### Task to complete
From the records below, output exactly the lines running from the line containing "1) \<and> \<not>" through the line containing "model by blast", and no others.

### Data records

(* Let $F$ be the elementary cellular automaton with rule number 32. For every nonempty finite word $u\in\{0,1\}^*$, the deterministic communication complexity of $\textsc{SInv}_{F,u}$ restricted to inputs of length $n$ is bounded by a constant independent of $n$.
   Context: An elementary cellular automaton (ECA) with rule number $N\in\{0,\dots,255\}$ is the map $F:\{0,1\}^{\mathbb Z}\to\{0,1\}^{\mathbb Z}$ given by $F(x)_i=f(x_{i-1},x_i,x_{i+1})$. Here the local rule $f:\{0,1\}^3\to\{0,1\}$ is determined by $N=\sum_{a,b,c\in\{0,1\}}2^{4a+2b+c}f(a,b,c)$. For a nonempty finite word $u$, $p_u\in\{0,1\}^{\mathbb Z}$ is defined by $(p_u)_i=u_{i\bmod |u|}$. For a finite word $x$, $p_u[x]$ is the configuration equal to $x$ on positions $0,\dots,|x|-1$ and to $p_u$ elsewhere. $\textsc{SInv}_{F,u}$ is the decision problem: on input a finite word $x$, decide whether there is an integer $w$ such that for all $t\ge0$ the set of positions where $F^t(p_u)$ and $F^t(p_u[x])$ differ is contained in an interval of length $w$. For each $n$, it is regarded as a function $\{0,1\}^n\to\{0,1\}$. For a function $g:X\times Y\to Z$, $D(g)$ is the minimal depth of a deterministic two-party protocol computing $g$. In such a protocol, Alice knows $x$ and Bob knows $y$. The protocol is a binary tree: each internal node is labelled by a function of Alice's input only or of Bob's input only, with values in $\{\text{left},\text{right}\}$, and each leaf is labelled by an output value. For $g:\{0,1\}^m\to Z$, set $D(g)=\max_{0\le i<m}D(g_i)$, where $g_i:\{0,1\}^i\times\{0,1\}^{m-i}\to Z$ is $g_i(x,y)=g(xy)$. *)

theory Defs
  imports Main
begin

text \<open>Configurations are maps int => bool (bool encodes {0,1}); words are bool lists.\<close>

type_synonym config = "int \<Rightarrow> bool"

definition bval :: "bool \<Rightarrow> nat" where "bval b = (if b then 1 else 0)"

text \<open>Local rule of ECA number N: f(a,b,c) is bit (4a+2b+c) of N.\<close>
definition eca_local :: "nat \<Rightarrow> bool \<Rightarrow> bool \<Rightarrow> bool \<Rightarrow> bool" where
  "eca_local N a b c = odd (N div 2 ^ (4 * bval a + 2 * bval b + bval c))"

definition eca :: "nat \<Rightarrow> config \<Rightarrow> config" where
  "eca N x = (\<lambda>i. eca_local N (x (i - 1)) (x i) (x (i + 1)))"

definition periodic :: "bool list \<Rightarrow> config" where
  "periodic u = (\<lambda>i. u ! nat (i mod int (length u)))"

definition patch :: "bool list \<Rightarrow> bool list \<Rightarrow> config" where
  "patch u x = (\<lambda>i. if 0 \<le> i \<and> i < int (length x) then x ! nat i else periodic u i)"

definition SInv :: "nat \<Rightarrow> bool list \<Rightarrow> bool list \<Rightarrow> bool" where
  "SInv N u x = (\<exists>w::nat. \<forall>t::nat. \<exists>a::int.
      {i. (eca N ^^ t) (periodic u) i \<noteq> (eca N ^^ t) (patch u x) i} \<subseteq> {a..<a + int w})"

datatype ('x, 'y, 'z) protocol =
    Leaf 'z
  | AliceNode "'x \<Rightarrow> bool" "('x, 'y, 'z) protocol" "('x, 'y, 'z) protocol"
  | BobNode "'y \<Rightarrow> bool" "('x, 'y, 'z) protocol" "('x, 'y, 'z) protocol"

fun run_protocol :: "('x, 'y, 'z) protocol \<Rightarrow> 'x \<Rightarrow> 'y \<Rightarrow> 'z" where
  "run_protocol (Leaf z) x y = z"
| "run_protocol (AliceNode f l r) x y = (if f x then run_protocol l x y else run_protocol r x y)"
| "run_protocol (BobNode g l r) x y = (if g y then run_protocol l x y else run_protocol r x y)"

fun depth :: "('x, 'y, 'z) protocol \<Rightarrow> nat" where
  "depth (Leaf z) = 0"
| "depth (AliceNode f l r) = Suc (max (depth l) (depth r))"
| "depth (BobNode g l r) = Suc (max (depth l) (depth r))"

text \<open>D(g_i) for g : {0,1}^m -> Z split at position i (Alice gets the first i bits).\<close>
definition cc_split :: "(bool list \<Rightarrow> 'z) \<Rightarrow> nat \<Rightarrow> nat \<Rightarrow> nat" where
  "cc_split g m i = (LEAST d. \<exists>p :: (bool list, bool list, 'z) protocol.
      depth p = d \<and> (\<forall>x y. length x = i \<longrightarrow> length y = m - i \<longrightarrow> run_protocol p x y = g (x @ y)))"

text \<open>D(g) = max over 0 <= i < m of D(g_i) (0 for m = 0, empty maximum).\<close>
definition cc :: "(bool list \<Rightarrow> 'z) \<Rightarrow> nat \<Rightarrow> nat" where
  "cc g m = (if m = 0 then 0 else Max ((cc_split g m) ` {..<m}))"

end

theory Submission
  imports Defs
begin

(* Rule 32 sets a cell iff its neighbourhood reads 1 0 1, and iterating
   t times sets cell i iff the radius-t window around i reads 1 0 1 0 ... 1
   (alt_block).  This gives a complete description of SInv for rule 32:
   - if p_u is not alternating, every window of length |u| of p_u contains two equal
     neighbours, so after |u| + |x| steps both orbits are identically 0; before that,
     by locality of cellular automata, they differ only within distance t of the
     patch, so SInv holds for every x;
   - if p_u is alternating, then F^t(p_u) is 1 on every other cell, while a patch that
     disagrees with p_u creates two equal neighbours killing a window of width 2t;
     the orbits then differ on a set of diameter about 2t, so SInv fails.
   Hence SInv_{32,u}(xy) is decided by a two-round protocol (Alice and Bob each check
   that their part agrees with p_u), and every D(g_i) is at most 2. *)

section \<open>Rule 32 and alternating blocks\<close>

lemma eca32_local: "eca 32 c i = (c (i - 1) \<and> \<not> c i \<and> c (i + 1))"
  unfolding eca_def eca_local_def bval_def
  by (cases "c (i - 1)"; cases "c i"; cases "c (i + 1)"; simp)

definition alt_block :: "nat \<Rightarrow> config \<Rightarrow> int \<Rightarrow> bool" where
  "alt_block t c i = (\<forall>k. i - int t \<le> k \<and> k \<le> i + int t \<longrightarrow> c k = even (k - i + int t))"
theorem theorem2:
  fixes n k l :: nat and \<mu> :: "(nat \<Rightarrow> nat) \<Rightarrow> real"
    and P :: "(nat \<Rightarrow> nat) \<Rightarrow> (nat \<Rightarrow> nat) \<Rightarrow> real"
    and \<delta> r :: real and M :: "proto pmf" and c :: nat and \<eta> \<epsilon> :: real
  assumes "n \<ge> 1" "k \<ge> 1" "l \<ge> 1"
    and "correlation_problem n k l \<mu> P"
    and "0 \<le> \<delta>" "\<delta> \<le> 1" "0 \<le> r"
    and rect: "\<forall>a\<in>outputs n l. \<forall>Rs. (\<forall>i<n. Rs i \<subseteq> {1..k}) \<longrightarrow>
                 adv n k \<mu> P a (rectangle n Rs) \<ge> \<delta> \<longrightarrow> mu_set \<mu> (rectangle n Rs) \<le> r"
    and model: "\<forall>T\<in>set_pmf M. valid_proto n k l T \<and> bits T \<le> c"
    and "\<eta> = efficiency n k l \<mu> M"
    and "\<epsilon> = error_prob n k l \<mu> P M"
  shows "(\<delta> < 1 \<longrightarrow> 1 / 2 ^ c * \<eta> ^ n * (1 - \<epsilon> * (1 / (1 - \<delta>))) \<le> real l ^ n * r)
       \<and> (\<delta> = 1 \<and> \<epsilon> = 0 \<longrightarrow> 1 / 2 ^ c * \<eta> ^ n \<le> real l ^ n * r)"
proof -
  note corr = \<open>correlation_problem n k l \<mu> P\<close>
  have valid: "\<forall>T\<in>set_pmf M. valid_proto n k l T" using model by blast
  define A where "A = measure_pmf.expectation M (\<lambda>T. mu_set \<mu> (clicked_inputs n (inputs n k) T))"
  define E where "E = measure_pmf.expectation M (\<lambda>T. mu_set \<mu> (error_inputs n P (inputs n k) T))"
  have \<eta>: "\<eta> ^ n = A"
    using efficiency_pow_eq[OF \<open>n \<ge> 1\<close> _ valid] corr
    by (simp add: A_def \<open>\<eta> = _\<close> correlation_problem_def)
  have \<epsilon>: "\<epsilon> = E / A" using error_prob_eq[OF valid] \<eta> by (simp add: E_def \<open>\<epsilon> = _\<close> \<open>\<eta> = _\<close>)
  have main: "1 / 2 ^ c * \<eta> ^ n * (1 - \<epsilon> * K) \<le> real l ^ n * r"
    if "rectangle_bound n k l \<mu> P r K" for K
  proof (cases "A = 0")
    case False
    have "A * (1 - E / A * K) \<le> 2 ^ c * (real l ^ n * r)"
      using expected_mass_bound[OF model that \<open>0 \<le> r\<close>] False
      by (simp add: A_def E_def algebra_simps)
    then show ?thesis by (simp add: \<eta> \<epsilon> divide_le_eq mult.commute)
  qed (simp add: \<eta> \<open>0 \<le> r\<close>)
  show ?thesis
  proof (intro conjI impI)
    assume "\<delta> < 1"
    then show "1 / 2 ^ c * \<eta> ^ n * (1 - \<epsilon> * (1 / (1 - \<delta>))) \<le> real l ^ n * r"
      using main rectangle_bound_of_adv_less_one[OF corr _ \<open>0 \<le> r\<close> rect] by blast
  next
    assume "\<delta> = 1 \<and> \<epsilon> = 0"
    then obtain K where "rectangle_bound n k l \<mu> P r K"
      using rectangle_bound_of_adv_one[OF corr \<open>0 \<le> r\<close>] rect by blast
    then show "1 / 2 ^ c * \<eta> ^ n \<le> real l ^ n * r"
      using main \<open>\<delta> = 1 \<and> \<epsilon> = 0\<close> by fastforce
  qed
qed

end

### Exercise response
lemma eca32_local: "eca 32 c i = (c (i - 1) \<and> \<not> c i \<and> c (i + 1))"
  unfolding eca_def eca_local_def bval_def
  by (cases "c (i - 1)"; cases "c i"; cases "c (i + 1)"; simp)

definition alt_block :: "nat \<Rightarrow> config \<Rightarrow> int \<Rightarrow> bool" where
  "alt_block t c i = (\<forall>k. i - int t \<le> k \<and> k \<le> i + int t \<longrightarrow> c k = even (k - i + int t))"
theorem theorem2:
  fixes n k l :: nat and \<mu> :: "(nat \<Rightarrow> nat) \<Rightarrow> real"
    and P :: "(nat \<Rightarrow> nat) \<Rightarrow> (nat \<Rightarrow> nat) \<Rightarrow> real"
    and \<delta> r :: real and M :: "proto pmf" and c :: nat and \<eta> \<epsilon> :: real
  assumes "n \<ge> 1" "k \<ge> 1" "l \<ge> 1"
    and "correlation_problem n k l \<mu> P"
    and "0 \<le> \<delta>" "\<delta> \<le> 1" "0 \<le> r"
    and rect: "\<forall>a\<in>outputs n l. \<forall>Rs. (\<forall>i<n. Rs i \<subseteq> {1..k}) \<longrightarrow>
                 adv n k \<mu> P a (rectangle n Rs) \<ge> \<delta> \<longrightarrow> mu_set \<mu> (rectangle n Rs) \<le> r"
    and model: "\<forall>T\<in>set_pmf M. valid_proto n k l T \<and> bits T \<le> c"
    and "\<eta> = efficiency n k l \<mu> M"
    and "\<epsilon> = error_prob n k l \<mu> P M"
  shows "(\<delta> < 1 \<longrightarrow> 1 / 2 ^ c * \<eta> ^ n * (1 - \<epsilon> * (1 / (1 - \<delta>))) \<le> real l ^ n * r)
       \<and> (\<delta> = 1 \<and> \<epsilon> = 0 \<longrightarrow> 1 / 2 ^ c * \<eta> ^ n \<le> real l ^ n * r)"
proof -
  note corr = \<open>correlation_problem n k l \<mu> P\<close>
  have valid: "\<forall>T\<in>set_pmf M. valid_proto n k l T" using model by blast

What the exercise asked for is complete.